The current tight credit conditions could represent good timing for the government to allow private investment into the financial sector, Zhou Dewen, vice president of the China Association of Small and Medium Enterprises, told the Global Times late Wednesday.

But, "we have yet to see any actual progress," Zhou said.

There are a total of 27 banks operating in Wenzhou, but the number is dwarfed by the more than 400,000 enterprises in the local market, said Zhou, who is also director of the Wenzhou Council for the Promotion of Small and Medium-sized Enterprises.

He expressed concern that the current credit squeeze could hurt the private sector.

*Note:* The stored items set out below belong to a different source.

lemma longest_common_prefix_pumped_less:
  assumes len: "length v1 = length v2"
    and twist: "Delta (u1 @ v1) (u2 @ v2) \<noteq> Delta u1 u2"
  shows "length (longest_common_prefix (u1 @ concat (replicate N v1)) (u2 @ concat (replicate N v2)))
           < max (length u1) (length u2) + length v1"
proof (rule ccontr)
  let ?x = "u1 @ concat (replicate N v1)" and ?y = "u2 @ concat (replicate N v2)"
  let ?c = "longest_common_prefix ?x ?y"
  assume "\<not> ?thesis"
  then have long: "max (length u1) (length u2) + length v1 \<le> length ?c"
    by simp
  have c_x: "prefix ?c ?x" and c_y: "prefix ?c ?y"
    by (rule longest_common_prefix_prefix1, rule longest_common_prefix_prefix2)
  from twist len have "v1 \<noteq> []"
    by auto
  moreover have "length ?c \<le> length u2 + N * length v1"
    using prefix_length_le [OF c_y] len by simp
  with long len have "length v1 \<le> N * length v1"
    using max.cobounded2 [of "length u2" "length u1"] by linarith
  ultimately obtain M where "N = Suc M"
    by (cases N) auto
  then have x1: "prefix (u1 @ v1) ?x" and y2: "prefix (u2 @ v2) ?y"
    by simp_all
  have "length (u1 @ v1) \<le> length ?c" "length (u2 @ v2) \<le> length ?c"
    using long len max.cobounded1 [of "length u1" "length u2"] max.cobounded2 [of "length u2" "length u1"]
    by simp_all
  then have c1: "prefix (u1 @ v1) ?c" and c2: "prefix (u2 @ v2) ?c"
    using prefix_length_prefix [OF x1 c_x] prefix_length_prefix [OF y2 c_y] by simp_all
  have x_pref: "prefix (u2 @ v2) ?x"
    using c2 c_x by (rule prefix_order.trans)
  have y_pref: "prefix (u1 @ v1) ?y"
    using c1 c_y by (rule prefix_order.trans)
  show False
  proof (cases "length u1 \<le> length u2")
    case True
    obtain w where "u2 = u1 @ w" "v1 @ w = w @ v2"
      by (rule prefix_pumped_conjugate [OF len [symmetric] True x_pref])
    then have "Delta (u1 @ v1) (u2 @ v2) = Delta u1 u2"
      by (rule Delta_conjugate_right)
    with twist show False
      by simp
  next
    case False
    then have "length u2 \<le> length u1"
      by simp
    then obtain w where "u1 = u2 @ w" "v2 @ w = w @ v1"
      by (rule prefix_pumped_conjugate [OF len _ y_pref])
    then have "Delta (u1 @ v1) (u2 @ v2) = Delta u1 u2"
      by (rule Delta_conjugate_left)
    with twist show False
      by simp
  qed
qed

lemma fg_norm_Delta_pumped_ge:
  assumes twist: "Delta (u1 @ v1) (u2 @ v2) \<noteq> Delta u1 u2"
  shows "N \<le> fg_norm (Delta (u1 @ concat (replicate N v1)) (u2 @ concat (replicate N v2)))
              + 2 * (length u1 + length u2 + length v1 + length v2)"
proof -
  let ?x = "u1 @ concat (replicate N v1)" and ?y = "u2 @ concat (replicate N v2)"
  let ?c = "longest_common_prefix ?x ?y"
  have c_x: "length ?c \<le> length ?x" and c_y: "length ?c \<le> length ?y"
    by (rule prefix_length_le, rule longest_common_prefix_prefix1,
        rule prefix_length_le, rule longest_common_prefix_prefix2)
  then have norm: "fg_norm (Delta ?x ?y) + 2 * length ?c
                     = length u1 + length u2 + N * length v1 + N * length v2"
    by (simp add: fg_norm_Delta)
  show ?thesis
  proof (cases "length v1 = length v2")
    case True
    with twist have "v1 \<noteq> []"
      by auto
    then have "N \<le> N * length v1"
      by (cases v1) simp_all
    moreover have "length ?c < max (length u1) (length u2) + length v1"
      by (rule longest_common_prefix_pumped_less [OF True twist])
    moreover have "max (length u1) (length u2) \<le> length u1 + length u2"
      by simp
    moreover have "N * length v2 = N * length v1"
      by (simp add: True)
    ultimately show ?thesis
      using norm True unfolding distrib_left by linarith
  next
    case False
    then consider "Suc (length v1) \<le> length v2" | "Suc (length v2) \<le> length v1"
      by linarith
    then show ?thesis
    proof cases
      case 1
      then have "N * Suc (length v1) \<le> N * length v2"
        by (rule mult_le_mono2)
      with norm c_x show ?thesis
        by simp
    next
      case 2
      then have "N * Suc (length v2) \<le> N * length v1"
        by (rule mult_le_mono2)
      with norm c_y show ?thesis
        by simp
    qed
  qed
qed

lemma fg_norm_Delta_pumped_powers_ge:
  assumes twist: "Delta (u1 @ v1) (u2 @ v2) \<noteq> Delta u1 u2"
  defines "k \<equiv> Suc (2 * (length u1 + length u2 + length v1 + length v2))"
  shows "n \<le> fg_norm (Delta (u1 @ concat (replicate n (concat (replicate k v1))))
                           (u2 @ concat (replicate n (concat (replicate k v2)))))"
proof -
  let ?C = "2 * (length u1 + length u2 + length v1 + length v2)"
  have "n * k \<le> fg_norm (Delta (u1 @ concat (replicate (n * k) v1)) (u2 @ concat (replicate (n * k) v2))) + ?C"
    by (rule fg_norm_Delta_pumped_ge [OF twist])
  moreover have "n + ?C \<le> n * k" if "n \<noteq> 0"
    using that by (simp add: k_def)
  ultimately show ?thesis
    by (cases "n = 0") (simp_all add: concat_replicate_mult)
qed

"The new leadership has fully demonstrated its determination in pushing forward the reform, but now the question is how it can strike a balance between deepening reforms and avoiding systemic risks," Zhou said.


If the cash crunch continues for a long period of time, the property sector will certainly take a hit. Cash-thirsty property developers that cannot find financing will be incapable of continuing land purchases, and the market supply may consequently deteriorate. Home prices will soar as a result.

Ren Zhiqiang, chairman of Hua Yuan Real Estate Group.

The central bank is now facing a dilemma over whether to inject liquidity or not. To stabilize liquidity and control monetary aggregates may exacerbate the cash squeeze problem and threaten economic stability, while an injection of liquidity into the market could impact the credibility of the government, which has stood by a prudent monetary policy stance.

Li Zuojun, a deputy director at the Development Research Center of the State Council.